Curadora do Museu Brasileiro da Escultura e Ecologia desde julho, a cearense Galciani Neves quer aumentar a pluralidade e tornar o espaço mais acolhedor

Por Isabella D'Ercole Materia seguir SEGUIR Materia seguir SEGUINDO
30 ago 2020, 10h00

Em sua casa, em São Paulo, a cearense Galciani Neves sonha com os ambientes amplos cercados por cimento queimado e vidro do Museu Brasileiro da Escultura e Ecologia, o MuBe. O edifício, projetado por Paulo Mendes da Rocha, está fechado desde março, quando começou a quarentena na capital paulista. Em junho, a professora da Fundação Armando Alvares Penteado (FAAP) e do mestrado em arte da Faculdade Federal do Ceará (UFC) se tornou curadora da instituição. “É um desafio assumir a missão sem poder estar no prédio, sentindo a efervescência do público, testemunhando a convivência dele com as obras. Mas as questões humanitárias atuais são tão urgentes que o resto fica menor”, diz ela, que passou a quarentena com sua bebê nascida em dezembro.
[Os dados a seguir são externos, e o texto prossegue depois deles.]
lemma CHAR_eq_of_card_eq_prime_power:
  assumes "prime p" and "card (UNIV :: 'a::{finite,field} set) = p ^ k"
  shows "CHAR('a) = p"
proof -
  have "prime CHAR('a)"
    by (simp add: finite_imp_CHAR_pos prime_CHAR_semidom)
  moreover have "CHAR('a) dvd p ^ k"
    using CHAR_dvd_CARD[where ?'a = 'a] assms(2) by simp
  ultimately show ?thesis
    using assms(1) prime_dvd_power_nat primes_dvd_imp_eq by blast
qed

text \<open>A non-square exists because \<open>X ^ k - 1\<close>, \<open>k = (Q - 1) div 2\<close>, has at most \<open>k\<close> roots;
  its \<open>k\<close>-th power squares to \<open>1\<close> but is not \<open>1\<close>.\<close>
lemma ex_power_half_card_eq_minus_one:
  assumes "odd (card (UNIV :: 'a::{finite,field} set))"
  shows "\<exists>x::'a. x ^ ((card (UNIV :: 'a set) - 1) div 2) = -1"
proof -
  let ?Q = "card (UNIV :: 'a set)" and ?k = "(card (UNIV :: 'a set) - 1) div 2"
  have "card {0::'a, 1} \<le> ?Q"
    by (rule card_mono) auto
  with assms have Q: "?Q \<ge> 3"
    by (auto elim!: oddE)
  define P :: "'a poly" where "P = Polynomial.monom 1 ?k + [:-1:]"
  have degree: "degree P = ?k"
    using Q unfolding P_def by (subst degree_add_eq_left) (auto simp: degree_monom_eq)
  then have "P \<noteq> 0"
    using Q by auto
  then have "card {x. poly P x = 0} < card (UNIV - {0::'a})"
    using card_poly_roots_bound[of P] degree Q by (simp add: card_Diff_singleton)
  then have "\<not> UNIV - {0} \<subseteq> {x. poly P x = 0}"
    using card_mono[of "{x. poly P x = 0}" "UNIV - {0}"] by auto
  then obtain x :: 'a where "x \<noteq> 0" and x: "x ^ ?k \<noteq> 1"
    by (auto simp: P_def poly_monom)
  have "x ^ ?k * x ^ ?k = x ^ (?Q - 1)"
    using assms by (simp flip: power_add) (auto elim!: oddE simp: mult_2)
  with power_card_UNIV_minus_one[OF \<open>x \<noteq> 0\<close>] have "x ^ ?k * x ^ ?k = 1"
    by simp
  with x show ?thesis
    using square_eq_1_iff by blast
qed

lemma ex_power_Suc_eq_minus_one:
  assumes "card (UNIV :: 'a::{finite,field} set) = q ^ 2" and "odd q"
  shows "\<exists>y::'a. y ^ (q + 1) = -1"
proof -
  have "odd (card (UNIV :: 'a set))"
    using assms by simp
  then obtain x :: 'a where "x ^ ((card (UNIV :: 'a set) - 1) div 2) = -1"
    using ex_power_half_card_eq_minus_one by blast
  then have x: "x ^ ((q ^ 2 - 1) div 2) = -1"
    by (simp only: assms(1))
  have "(q ^ 2 - 1) div 2 = (q - 1) div 2 * (q + 1)"
    using \<open>odd q\<close> by (auto elim!: oddE simp: power2_eq_square)
  with x have "(x ^ ((q - 1) div 2)) ^ (q + 1) = -1"
    by (simp only: power_mult)
  then show ?thesis ..
qed

section \<open>Words, linear codes and constacyclic shifts\<close>

definition vadd :: "'a::plus list \<Rightarrow> 'a list \<Rightarrow> 'a list" where
  "vadd x y = map2 (+) x y"

definition vsmult :: "'a::times \<Rightarrow> 'a list \<Rightarrow> 'a list" where
  "vsmult a x = map ((*) a) x"

lemma length_vadd [simp]: "length (vadd x y) = min (length x) (length y)"
  by (simp add: vadd_def)

lemma length_vsmult [simp]: "length (vsmult a x) = length x"
  by (simp add: vsmult_def)

lemma nth_vadd [simp]: "i < length x \<Longrightarrow> i < length y \<Longrightarrow> vadd x y ! i = x ! i + y ! i"
  by (simp add: vadd_def)

lemma nth_vsmult [simp]: "i < length x \<Longrightarrow> vsmult a x ! i = a * x ! i"
  by (simp add: vsmult_def)

lemma vadd_append: "length x = length z \<Longrightarrow> vadd (x @ y) (z @ w) = vadd x z @ vadd y w"
  by (simp add: vadd_def)

lemma vsmult_append: "vsmult a (x @ y) = vsmult a x @ vsmult a y"
  by (simp add: vsmult_def)

lemma linear_code_iff:
  "linear_code N C \<longleftrightarrow> C \<subseteq> {x. length x = N} \<and> replicate N 0 \<in> C \<and>
     (\<forall>x\<in>C. \<forall>y\<in>C. vadd x y \<in> C) \<and> (\<forall>a. \<forall>x\<in>C. vsmult a x \<in> C)"
  by (simp add: linear_code_def vadd_def vsmult_def)

lemma linear_code_length: "linear_code N C \<Longrightarrow> x \<in> C \<Longrightarrow> length x = N"
  by (auto simp: linear_code_iff)

lemma linear_code_zero: "linear_code N C \<Longrightarrow> replicate N 0 \<in> C"
  by (simp add: linear_code_iff)

lemma linear_code_vadd: "linear_code N C \<Longrightarrow> x \<in> C \<Longrightarrow> y \<in> C \<Longrightarrow> vadd x y \<in> C"
  by (simp add: linear_code_iff)

lemma linear_code_vsmult: "linear_code N C \<Longrightarrow> x \<in> C \<Longrightarrow> vsmult a x \<in> C"
  by (simp add: linear_code_iff)

lemma card_linear_code_pos:
  fixes C :: "'a::field list set"
  assumes "finite (UNIV :: 'a set)" and "linear_code N C"
  shows "card C > 0"
proof -
  have "C \<subseteq> {xs. length xs = N}"
    using assms(2) by (auto simp: linear_code_iff)
  moreover have "finite {xs :: 'a list. length xs = N}"
    using finite_lists_length_eq[OF assms(1), of N] by simp
  ultimately have "finite C"
    by (rule finite_subset)
  moreover have "C \<noteq> {}"
    using linear_code_zero[OF assms(2)] by blast
  ultimately show ?thesis
    by (simp add: card_gt_0_iff)
qed

definition constashift :: "'a::times \<Rightarrow> 'a list \<Rightarrow> 'a list" where
  "constashift \<kappa> c = (if c = [] then [] else (\<kappa> * last c) # butlast c)"

lemma negashift_eq_constashift: "negashift c = constashift (-1) c"
  by (simp add: negashift_def constashift_def)

lemma length_constashift [simp]: "length (constashift \<kappa> c) = length c"
  by (simp add: constashift_def)

lemma nth_constashift:
  "i < length c \<Longrightarrow> constashift \<kappa> c ! i = (if i = 0 then \<kappa> * c ! (length c - 1) else c ! (i - 1))"
  by (cases c rule: rev_cases) (auto simp: constashift_def nth_append nth_Cons')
Não só esse é um momento desafiador em termos de saúde pública, mas também em revisão de padrões e questionamentos sociais. Manifestações contra o racismo, por exemplo, alcançaram inclusive as artes. Em Londres e nos Estados Unidos, obras que perpetravam discursos preconceituosos foram removidas. A reflexão também cabe às nossas instituições, claro, mesmo que seja, por enquanto, só através das plataformas digitais.
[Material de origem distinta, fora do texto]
theorem proposition4p8p4:
  fixes a :: "'k::field_char_0 assoc" and n :: nat
  assumes hom: "\<forall>w. a w \<noteq> 0 \<longrightarrow> length w = n \<and> set w \<subseteq> {1..n}"
    and prim: "aprim a"
  shows "mprim (bracket_image lnorm a)
     \<and> (\<forall>t. bracket_image lnorm a t \<noteq> 0 \<longrightarrow>
            mnormal t \<and> length (leaves t) = n \<and> set (leaves t) \<subseteq> {1..n})
     \<and> mprim (bracket_image rnorm a)
     \<and> (\<forall>t. bracket_image rnorm a t \<noteq> 0 \<longrightarrow>
            mnormal t \<and> length (leaves t) = n \<and> set (leaves t) \<subseteq> {1..n})
     \<and> (n \<ge> 3 \<longrightarrow>
         (\<exists>\<phi> \<psi> :: 'k assoc \<Rightarrow> 'k magma.
            (\<forall>f\<in>Lie_n n. \<phi> f \<in> Prim_Mag_n n \<and> \<psi> f \<in> Prim_Mag_n n)
          \<and> (\<forall>f\<in>Lie_n n. \<forall>g\<in>Lie_n n. \<forall>c::'k.
               \<phi> (\<lambda>w. c * f w + g w) = (\<lambda>t. c * \<phi> f t + \<phi> g t)
             \<and> \<psi> (\<lambda>w. c * f w + g w) = (\<lambda>t. c * \<psi> f t + \<psi> g t))
          \<and> (\<forall>\<sigma>. \<sigma> permutes {1..n} \<longrightarrow> (\<forall>f\<in>Lie_n n.
               \<phi> (\<lambda>w. f (map \<sigma> w)) = (\<lambda>t. \<phi> f (map_leaves \<sigma> t))
             \<and> \<psi> (\<lambda>w. f (map \<sigma> w)) = (\<lambda>t. \<psi> f (map_leaves \<sigma> t))))
          \<and> (\<forall>f\<in>Lie_n n. \<forall>g\<in>Lie_n n.
               (\<lambda>t. \<phi> f t + \<psi> g t) = (\<lambda>_. 0) \<longrightarrow> f = (\<lambda>_. 0) \<and> g = (\<lambda>_. 0))))"
proof (intro conjI impI)
  have fin: "finite {w. a w \<noteq> 0}"
    using prim by (simp add: aprim_def)
  show "mprim (bracket_image lnorm a)"
    using mdelta_basis_lnorm prim by (rule lnorm.mprim_bracket_image)
  show "mprim (bracket_image rnorm a)"
    using mdelta_basis_rnorm prim by (rule rnorm.mprim_bracket_image)
  show "\<forall>t. bracket_image lnorm a t \<noteq> 0 \<longrightarrow>
      mnormal t \<and> length (leaves t) = n \<and> set (leaves t) \<subseteq> {1..n}"
    using lnorm.bracket_image_nonzeroD[OF fin] hom by blast
  show "\<forall>t. bracket_image rnorm a t \<noteq> 0 \<longrightarrow>
      mnormal t \<and> length (leaves t) = n \<and> set (leaves t) \<subseteq> {1..n}"
    using rnorm.bracket_image_nonzeroD[OF fin] hom by blast
qed (rule exI[of _ "bracket_image lnorm"], rule exI[of _ "bracket_image rnorm"],
  auto simp: finite_support_Lie_n permutes_inj
    lnorm.bracket_image_lincomb rnorm.bracket_image_lincomb
    lnorm.bracket_image_permute rnorm.bracket_image_permute
  intro: lnorm.bracket_image_Prim_Mag_n[OF mdelta_basis_lnorm]
      rnorm.bracket_image_Prim_Mag_n[OF mdelta_basis_rnorm]
    dest: bracket_images_independent)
Outra questão urgente e que precisa ser abraçada por um museu com ecologia no nome é a proteção do meio ambiente. A crise que o Brasil passa é profunda: recordes de desmatamento e de queimadas, vulnerabilidade de povos originários. Parece, portanto, que Galciani tem bastante trabalho a fazer e ela está ciente disso. A seguir, uma conversa com CLAUDIA sobre seu projeto para o MuBE.

Como foi a repercussão de você ter assumido esse posto tão importante? 

Eu entendo a representatividade de ser uma mulher ocupando um cargo como esse, é algo importante. Mas também tenho noção do meu lugar de fala como branca privilegiada. Tive acesso a boas escolas, me formei em uma universidade pública, algo que é mais comum na classe média do que entre a população vulnerável. Entendo, porém, que carrego outras questões. Eu sou nordestina em São Paulo. Isso não vai ser apagado do meu corpo, do meu sotaque, do meu jeito de pensar. Essa escolha por uma mulher diz muito do que o museu pretende. Não que o Cauê (Alves, curador antes de Galciani) não estivesse atento às causas identitárias e sociais do momento, mas ao escolher uma mulher para o cargo, o museu faz um posicionamento.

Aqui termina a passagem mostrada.